WHAT IS NEEDED – Copy out the entries below precisely; nothing is to be omitted.

DATASET EXTRACT –
-- Opening Marker --

text \<open>On the kernel of Q - \<sigma> S the derivative of Q is positive by the dissipation inequality of S.\<close>
lemma Q'_pos_on_lower_kernel:
  assumes s: "0 \<le> s" and v: "v \<noteq> 0" and Qv: "Q s *v v = (\<sigma> *\<^sub>R lyap.S) *v v"
  shows "0 < v \<bullet> (Q' s *v v)"
proof -
  define z where "z = Q s *v v"
  have z: "z = \<sigma> *\<^sub>R (lyap.S *v v)" using Qv by (simp add: z_def scaleR_matrix_vector_assoc)
  have "v \<bullet> (Q' s *v v) = - (z \<bullet> (riccati s *v z))"
    using inner_Q_symmetric[OF s, of v "riccati s *v z"]
    by (simp add: Q'_def matrix_vector_mult_minus_left matrix_vector_mul_assoc[symmetric] z_def)
  also have "\<dots> = (norm (Cb *v v))\<^sup>2 - 2 * (z \<bullet> (A s *v v)) - z \<bullet> (\<Gamma> *v z)"
    using inner_riccati[OF s, of z v] P_Q_apply[OF s] by (simp add: z_def)
  finally have Q'v: "v \<bullet> (Q' s *v v) = (norm (Cb *v v))\<^sup>2 - 2 * (z \<bullet> (A s *v v)) - z \<bullet> (\<Gamma> *v z)" .
  have "z \<bullet> (A s *v v) = \<sigma> * (v \<bullet> (lyap.S *v (Ab *v v + D1 (xh s, u s) (v, 0))))"
    using inner_matrix_vector_symmetric[OF lyap.S_symmetric, of v "A s *v v"]
    by (simp add: z A_apply[OF s])
  also have "\<dots> \<le> \<sigma> * (lyap.c 0 * (norm (Cb *v v))\<^sup>2 - (norm v)\<^sup>2 / 2)"
    using mult_left_mono[OF lyap.S_dissipation[OF D1_sub_dist_bound[OF u_in_U[OF s]]], of \<sigma>] \<sigma>(1)
    by simp
  finally have zA: "2 * (z \<bullet> (A s *v v)) \<le> 2 * \<sigma> * lyap.c 0 * (norm (Cb *v v))\<^sup>2 - \<sigma> * (norm v)\<^sup>2"
    by (simp add: algebra_simps)
  have "z \<bullet> (\<Gamma> *v z) \<le> norm \<Gamma> * (\<sigma> * (norm lyap.S * norm v))\<^sup>2"
  proof -
    have "norm z \<le> \<sigma> * (norm lyap.S * norm v)"
      using norm_matrix_vector_mult_le[of lyap.S v] \<sigma>(1) by (simp add: z mult_left_mono)
    then have "norm \<Gamma> * (norm z)\<^sup>2 \<le> norm \<Gamma> * (\<sigma> * (norm lyap.S * norm v))\<^sup>2"
      by (intro mult_left_mono power_mono) auto
    moreover have "z \<bullet> (\<Gamma> *v z) \<le> norm \<Gamma> * (norm z)\<^sup>2"
      using abs_inner_matrix_vector_le[of z \<Gamma>] by simp
    ultimately show ?thesis by linarith
  qed
  also have "\<dots> = \<sigma> * (\<sigma> * (norm \<Gamma> * (norm lyap.S)\<^sup>2)) * (norm v)\<^sup>2"
    by (simp add: power_mult_distrib power2_eq_square algebra_simps)
  also have "\<dots> < \<sigma> * 1 * (norm v)\<^sup>2"
    using \<sigma>(1,3) v by (intro mult_strict_right_mono mult_strict_left_mono) auto
  finally have "z \<bullet> (\<Gamma> *v z) < \<sigma> * (norm v)\<^sup>2" by simp
  moreover have "0 \<le> (1 - 2 * \<sigma> * lyap.c 0) * (norm (Cb *v v))\<^sup>2" using \<sigma>(2) by simp
  ultimately show ?thesis unfolding Q'v using zA by (simp add: algebra_simps)
qed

-- Closing Marker --

SOLUTION –
text \<open>On the kernel of Q - \<sigma> S the derivative of Q is positive by the dissipation inequality of S.\<close>
lemma Q'_pos_on_lower_kernel:
  assumes s: "0 \<le> s" and v: "v \<noteq> 0" and Qv: "Q s *v v = (\<sigma> *\<^sub>R lyap.S) *v v"
  shows "0 < v \<bullet> (Q' s *v v)"
proof -
  define z where "z = Q s *v v"
  have z: "z = \<sigma> *\<^sub>R (lyap.S *v v)" using Qv by (simp add: z_def scaleR_matrix_vector_assoc)
  have "v \<bullet> (Q' s *v v) = - (z \<bullet> (riccati s *v z))"
    using inner_Q_symmetric[OF s, of v "riccati s *v z"]
    by (simp add: Q'_def matrix_vector_mult_minus_left matrix_vector_mul_assoc[symmetric] z_def)
  also have "\<dots> = (norm (Cb *v v))\<^sup>2 - 2 * (z \<bullet> (A s *v v)) - z \<bullet> (\<Gamma> *v z)"
    using inner_riccati[OF s, of z v] P_Q_apply[OF s] by (simp add: z_def)
  finally have Q'v: "v \<bullet> (Q' s *v v) = (norm (Cb *v v))\<^sup>2 - 2 * (z \<bullet> (A s *v v)) - z \<bullet> (\<Gamma> *v z)" .
  have "z \<bullet> (A s *v v) = \<sigma> * (v \<bullet> (lyap.S *v (Ab *v v + D1 (xh s, u s) (v, 0))))"
    using inner_matrix_vector_symmetric[OF lyap.S_symmetric, of v "A s *v v"]
    by (simp add: z A_apply[OF s])
  also have "\<dots> \<le> \<sigma> * (lyap.c 0 * (norm (Cb *v v))\<^sup>2 - (norm v)\<^sup>2 / 2)"
    using mult_left_mono[OF lyap.S_dissipation[OF D1_sub_dist_bound[OF u_in_U[OF s]]], of \<sigma>] \<sigma>(1)
    by simp
  finally have zA: "2 * (z \<bullet> (A s *v v)) \<le> 2 * \<sigma> * lyap.c 0 * (norm (Cb *v v))\<^sup>2 - \<sigma> * (norm v)\<^sup>2"
    by (simp add: algebra_simps)
  have "z \<bullet> (\<Gamma> *v z) \<le> norm \<Gamma> * (\<sigma> * (norm lyap.S * norm v))\<^sup>2"
  proof -
    have "norm z \<le> \<sigma> * (norm lyap.S * norm v)"
      using norm_matrix_vector_mult_le[of lyap.S v] \<sigma>(1) by (simp add: z mult_left_mono)
    then have "norm \<Gamma> * (norm z)\<^sup>2 \<le> norm \<Gamma> * (\<sigma> * (norm lyap.S * norm v))\<^sup>2"
      by (intro mult_left_mono power_mono) auto
    moreover have "z \<bullet> (\<Gamma> *v z) \<le> norm \<Gamma> * (norm z)\<^sup>2"
      using abs_inner_matrix_vector_le[of z \<Gamma>] by simp
    ultimately show ?thesis by linarith
  qed
  also have "\<dots> = \<sigma> * (\<sigma> * (norm \<Gamma> * (norm lyap.S)\<^sup>2)) * (norm v)\<^sup>2"
    by (simp add: power_mult_distrib power2_eq_square algebra_simps)
  also have "\<dots> < \<sigma> * 1 * (norm v)\<^sup>2"
    using \<sigma>(1,3) v by (intro mult_strict_right_mono mult_strict_left_mono) auto
  finally have "z \<bullet> (\<Gamma> *v z) < \<sigma> * (norm v)\<^sup>2" by simp
  moreover have "0 \<le> (1 - 2 * \<sigma> * lyap.c 0) * (norm (Cb *v v))\<^sup>2" using \<sigma>(2) by simp
  ultimately show ?thesis unfolding Q'v using zA by (simp add: algebra_simps)
qed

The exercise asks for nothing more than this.